• _TASK REQUIREMENTS_
How many lines of these entries hold the string "close"? Reply with the number alone.

• _Stored data_
Start of Block

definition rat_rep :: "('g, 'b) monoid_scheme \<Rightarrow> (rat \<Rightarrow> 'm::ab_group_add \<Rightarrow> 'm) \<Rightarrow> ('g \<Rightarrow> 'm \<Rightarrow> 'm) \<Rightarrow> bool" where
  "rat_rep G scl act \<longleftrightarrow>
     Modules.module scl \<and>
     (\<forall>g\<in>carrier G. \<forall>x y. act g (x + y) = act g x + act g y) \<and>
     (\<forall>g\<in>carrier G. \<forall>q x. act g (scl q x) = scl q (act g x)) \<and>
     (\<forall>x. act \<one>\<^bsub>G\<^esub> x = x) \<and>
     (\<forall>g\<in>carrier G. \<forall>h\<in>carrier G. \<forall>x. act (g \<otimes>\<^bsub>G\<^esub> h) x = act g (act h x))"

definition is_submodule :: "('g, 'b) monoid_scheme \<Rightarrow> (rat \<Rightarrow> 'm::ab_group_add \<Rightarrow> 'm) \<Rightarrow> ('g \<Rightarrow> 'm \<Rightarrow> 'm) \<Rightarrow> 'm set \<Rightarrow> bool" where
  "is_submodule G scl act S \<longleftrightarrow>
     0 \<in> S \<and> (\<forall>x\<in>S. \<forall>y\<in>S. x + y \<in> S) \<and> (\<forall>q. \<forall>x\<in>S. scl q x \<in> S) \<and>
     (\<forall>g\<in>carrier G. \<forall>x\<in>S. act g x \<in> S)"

End of Block
Start of Block

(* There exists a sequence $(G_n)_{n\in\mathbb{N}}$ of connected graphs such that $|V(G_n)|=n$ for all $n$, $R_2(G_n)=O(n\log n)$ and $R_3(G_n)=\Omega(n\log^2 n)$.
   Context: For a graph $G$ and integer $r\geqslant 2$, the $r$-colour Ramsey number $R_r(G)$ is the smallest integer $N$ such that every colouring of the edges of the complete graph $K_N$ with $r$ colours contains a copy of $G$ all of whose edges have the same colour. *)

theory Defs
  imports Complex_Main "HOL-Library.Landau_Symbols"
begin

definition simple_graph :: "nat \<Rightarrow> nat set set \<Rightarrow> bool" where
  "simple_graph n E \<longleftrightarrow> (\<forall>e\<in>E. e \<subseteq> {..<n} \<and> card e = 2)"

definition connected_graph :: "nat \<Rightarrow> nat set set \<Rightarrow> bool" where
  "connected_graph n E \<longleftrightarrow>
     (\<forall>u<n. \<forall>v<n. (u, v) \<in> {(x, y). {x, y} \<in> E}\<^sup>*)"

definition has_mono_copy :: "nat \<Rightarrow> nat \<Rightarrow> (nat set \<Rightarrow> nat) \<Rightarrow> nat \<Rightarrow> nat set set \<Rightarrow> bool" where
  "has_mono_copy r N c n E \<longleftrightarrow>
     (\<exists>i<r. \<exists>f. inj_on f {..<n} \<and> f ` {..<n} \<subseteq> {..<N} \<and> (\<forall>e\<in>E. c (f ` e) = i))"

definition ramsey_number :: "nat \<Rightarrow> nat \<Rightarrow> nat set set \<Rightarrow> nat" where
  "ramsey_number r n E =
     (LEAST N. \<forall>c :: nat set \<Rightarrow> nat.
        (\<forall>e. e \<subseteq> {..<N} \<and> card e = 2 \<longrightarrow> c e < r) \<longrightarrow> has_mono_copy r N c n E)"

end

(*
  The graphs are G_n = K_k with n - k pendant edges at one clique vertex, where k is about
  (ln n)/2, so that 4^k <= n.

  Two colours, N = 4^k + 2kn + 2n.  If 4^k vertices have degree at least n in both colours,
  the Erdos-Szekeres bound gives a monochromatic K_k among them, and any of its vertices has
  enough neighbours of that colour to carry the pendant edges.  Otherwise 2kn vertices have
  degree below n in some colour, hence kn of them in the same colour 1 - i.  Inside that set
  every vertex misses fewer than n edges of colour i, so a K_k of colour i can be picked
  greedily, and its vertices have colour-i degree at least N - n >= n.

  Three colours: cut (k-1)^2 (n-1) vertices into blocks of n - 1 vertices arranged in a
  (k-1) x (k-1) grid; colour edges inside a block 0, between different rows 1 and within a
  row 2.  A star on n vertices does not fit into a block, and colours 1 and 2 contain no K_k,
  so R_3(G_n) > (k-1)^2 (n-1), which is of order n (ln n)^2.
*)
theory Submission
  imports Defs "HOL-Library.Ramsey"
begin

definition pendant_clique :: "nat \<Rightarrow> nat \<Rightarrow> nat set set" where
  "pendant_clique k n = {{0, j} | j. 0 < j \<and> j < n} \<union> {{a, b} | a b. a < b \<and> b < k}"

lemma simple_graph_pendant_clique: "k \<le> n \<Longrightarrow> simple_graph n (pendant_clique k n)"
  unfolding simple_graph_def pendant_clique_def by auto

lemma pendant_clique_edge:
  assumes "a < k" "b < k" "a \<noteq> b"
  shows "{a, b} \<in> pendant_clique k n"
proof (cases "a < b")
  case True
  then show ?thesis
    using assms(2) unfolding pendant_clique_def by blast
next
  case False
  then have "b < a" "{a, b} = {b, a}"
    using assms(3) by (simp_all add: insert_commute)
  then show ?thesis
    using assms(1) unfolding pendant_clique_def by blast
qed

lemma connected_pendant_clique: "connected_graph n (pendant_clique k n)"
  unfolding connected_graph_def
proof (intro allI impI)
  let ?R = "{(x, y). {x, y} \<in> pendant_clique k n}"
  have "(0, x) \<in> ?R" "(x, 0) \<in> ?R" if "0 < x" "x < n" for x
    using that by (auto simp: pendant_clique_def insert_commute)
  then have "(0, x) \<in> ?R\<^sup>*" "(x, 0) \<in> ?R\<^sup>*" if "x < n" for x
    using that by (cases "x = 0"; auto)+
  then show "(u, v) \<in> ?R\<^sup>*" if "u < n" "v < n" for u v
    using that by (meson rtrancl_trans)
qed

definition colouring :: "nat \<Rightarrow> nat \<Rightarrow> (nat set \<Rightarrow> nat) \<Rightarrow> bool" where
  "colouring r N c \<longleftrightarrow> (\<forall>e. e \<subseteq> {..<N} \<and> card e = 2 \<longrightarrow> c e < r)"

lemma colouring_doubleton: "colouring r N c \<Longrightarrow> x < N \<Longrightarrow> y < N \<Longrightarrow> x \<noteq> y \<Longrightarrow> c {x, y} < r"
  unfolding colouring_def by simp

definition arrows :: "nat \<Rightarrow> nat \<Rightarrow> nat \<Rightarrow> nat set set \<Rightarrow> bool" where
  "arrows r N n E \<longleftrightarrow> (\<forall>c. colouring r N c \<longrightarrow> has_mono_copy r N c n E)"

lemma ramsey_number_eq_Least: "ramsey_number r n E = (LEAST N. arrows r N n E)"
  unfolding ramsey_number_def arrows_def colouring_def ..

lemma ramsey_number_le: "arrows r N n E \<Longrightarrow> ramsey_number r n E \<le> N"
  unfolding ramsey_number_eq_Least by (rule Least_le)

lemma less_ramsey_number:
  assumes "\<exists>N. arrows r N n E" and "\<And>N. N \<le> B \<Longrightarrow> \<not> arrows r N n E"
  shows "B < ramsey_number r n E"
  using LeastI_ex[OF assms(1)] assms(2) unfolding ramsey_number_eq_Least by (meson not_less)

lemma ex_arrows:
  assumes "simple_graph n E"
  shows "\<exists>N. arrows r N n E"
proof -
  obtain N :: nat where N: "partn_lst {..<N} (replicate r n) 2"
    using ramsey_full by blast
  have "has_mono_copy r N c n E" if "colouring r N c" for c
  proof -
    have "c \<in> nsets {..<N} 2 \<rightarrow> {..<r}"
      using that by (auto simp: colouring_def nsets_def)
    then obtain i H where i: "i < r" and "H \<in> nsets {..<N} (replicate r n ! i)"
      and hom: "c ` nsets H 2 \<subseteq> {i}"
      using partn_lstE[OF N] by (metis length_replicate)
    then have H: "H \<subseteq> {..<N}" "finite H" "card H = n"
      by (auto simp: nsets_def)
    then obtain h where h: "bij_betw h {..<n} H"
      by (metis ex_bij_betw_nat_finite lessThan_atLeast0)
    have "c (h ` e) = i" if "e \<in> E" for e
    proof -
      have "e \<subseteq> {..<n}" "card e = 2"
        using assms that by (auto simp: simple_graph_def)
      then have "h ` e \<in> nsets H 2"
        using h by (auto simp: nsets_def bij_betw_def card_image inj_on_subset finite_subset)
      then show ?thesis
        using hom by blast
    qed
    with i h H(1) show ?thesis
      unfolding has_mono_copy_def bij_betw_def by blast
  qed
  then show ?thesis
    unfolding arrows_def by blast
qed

End of Block
Start of Block

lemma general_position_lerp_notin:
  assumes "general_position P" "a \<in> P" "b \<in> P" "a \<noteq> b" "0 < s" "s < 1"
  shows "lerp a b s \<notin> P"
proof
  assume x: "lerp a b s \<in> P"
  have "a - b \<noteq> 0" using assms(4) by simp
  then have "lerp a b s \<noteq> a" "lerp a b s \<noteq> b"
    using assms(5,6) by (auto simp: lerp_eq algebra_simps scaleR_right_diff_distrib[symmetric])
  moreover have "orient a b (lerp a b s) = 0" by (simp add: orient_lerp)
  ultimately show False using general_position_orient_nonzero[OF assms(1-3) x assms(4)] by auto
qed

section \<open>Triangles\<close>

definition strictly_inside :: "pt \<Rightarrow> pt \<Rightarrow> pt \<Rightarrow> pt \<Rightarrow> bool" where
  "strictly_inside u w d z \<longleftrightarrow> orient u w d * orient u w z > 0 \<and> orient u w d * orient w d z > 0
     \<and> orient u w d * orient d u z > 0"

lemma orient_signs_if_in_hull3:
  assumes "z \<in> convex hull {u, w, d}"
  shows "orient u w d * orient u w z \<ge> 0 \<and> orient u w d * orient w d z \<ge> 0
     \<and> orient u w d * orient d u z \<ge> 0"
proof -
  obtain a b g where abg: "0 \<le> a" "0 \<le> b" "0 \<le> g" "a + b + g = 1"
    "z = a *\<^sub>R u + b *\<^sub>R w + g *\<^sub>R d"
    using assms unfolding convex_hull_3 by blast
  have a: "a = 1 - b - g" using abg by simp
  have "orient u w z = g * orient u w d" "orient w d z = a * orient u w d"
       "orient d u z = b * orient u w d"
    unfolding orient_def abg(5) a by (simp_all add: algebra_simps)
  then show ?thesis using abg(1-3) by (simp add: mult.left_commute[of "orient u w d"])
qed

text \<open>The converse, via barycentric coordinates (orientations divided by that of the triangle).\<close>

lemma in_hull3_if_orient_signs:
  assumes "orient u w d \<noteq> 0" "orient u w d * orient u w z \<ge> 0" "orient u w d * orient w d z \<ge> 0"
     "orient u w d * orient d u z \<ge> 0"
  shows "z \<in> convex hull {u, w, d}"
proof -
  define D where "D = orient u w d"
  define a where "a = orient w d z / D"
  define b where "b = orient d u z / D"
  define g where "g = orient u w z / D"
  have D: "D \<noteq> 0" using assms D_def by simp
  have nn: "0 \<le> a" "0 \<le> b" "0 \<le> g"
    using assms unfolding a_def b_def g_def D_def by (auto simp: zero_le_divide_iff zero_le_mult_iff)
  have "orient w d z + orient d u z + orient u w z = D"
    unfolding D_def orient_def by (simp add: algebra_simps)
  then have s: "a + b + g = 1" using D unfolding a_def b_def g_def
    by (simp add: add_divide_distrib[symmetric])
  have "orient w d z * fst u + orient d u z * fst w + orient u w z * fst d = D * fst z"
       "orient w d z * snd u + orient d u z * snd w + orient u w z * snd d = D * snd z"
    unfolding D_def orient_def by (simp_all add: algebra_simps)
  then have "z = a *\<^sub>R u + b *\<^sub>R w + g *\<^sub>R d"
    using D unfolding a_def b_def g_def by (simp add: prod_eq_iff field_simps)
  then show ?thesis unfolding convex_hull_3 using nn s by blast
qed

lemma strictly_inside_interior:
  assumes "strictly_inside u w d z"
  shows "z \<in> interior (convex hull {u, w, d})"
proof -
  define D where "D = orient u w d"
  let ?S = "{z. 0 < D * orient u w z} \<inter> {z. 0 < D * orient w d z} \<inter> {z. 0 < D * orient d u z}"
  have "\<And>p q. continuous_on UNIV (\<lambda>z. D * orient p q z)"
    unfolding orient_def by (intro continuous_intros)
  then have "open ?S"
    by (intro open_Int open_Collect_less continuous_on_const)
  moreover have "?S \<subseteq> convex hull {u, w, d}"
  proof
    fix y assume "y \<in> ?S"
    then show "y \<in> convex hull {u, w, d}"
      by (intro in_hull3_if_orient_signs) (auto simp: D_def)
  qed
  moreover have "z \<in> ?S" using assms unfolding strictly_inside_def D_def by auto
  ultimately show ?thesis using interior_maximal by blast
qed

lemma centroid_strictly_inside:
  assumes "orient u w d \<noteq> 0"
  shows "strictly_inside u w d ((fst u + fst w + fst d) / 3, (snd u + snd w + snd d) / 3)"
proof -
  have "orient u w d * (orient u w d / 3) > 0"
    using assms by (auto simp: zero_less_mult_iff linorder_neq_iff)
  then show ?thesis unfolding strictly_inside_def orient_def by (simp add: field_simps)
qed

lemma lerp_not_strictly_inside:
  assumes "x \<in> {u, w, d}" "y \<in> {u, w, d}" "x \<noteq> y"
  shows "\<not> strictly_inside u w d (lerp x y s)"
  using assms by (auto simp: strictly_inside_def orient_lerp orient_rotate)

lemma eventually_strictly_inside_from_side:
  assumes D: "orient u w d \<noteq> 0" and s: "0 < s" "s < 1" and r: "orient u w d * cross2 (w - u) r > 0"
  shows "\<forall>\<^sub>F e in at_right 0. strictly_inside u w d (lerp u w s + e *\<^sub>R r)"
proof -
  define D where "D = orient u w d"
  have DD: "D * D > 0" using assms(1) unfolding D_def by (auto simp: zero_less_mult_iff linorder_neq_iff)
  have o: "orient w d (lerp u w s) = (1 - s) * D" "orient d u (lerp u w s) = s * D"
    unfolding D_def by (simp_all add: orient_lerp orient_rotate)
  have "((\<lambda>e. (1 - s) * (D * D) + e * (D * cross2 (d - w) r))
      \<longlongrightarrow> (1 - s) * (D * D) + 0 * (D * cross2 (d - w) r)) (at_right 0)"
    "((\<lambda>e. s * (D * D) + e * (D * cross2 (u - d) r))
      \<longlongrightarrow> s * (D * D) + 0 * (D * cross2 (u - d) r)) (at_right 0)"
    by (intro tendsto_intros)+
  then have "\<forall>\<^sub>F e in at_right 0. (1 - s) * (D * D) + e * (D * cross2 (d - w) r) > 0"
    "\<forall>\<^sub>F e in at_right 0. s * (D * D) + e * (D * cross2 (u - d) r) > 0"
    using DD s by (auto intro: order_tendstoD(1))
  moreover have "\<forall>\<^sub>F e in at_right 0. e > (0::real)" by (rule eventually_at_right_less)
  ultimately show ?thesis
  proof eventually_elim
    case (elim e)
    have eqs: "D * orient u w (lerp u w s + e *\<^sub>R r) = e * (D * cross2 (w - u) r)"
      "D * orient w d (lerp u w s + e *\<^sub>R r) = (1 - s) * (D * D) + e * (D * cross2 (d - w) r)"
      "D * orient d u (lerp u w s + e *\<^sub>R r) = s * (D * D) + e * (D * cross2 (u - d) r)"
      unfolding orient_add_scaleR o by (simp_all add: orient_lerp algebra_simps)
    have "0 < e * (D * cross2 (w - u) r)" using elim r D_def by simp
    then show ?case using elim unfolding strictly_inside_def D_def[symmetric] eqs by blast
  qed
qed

End of Block

• _REPLY TO THE TASK_
2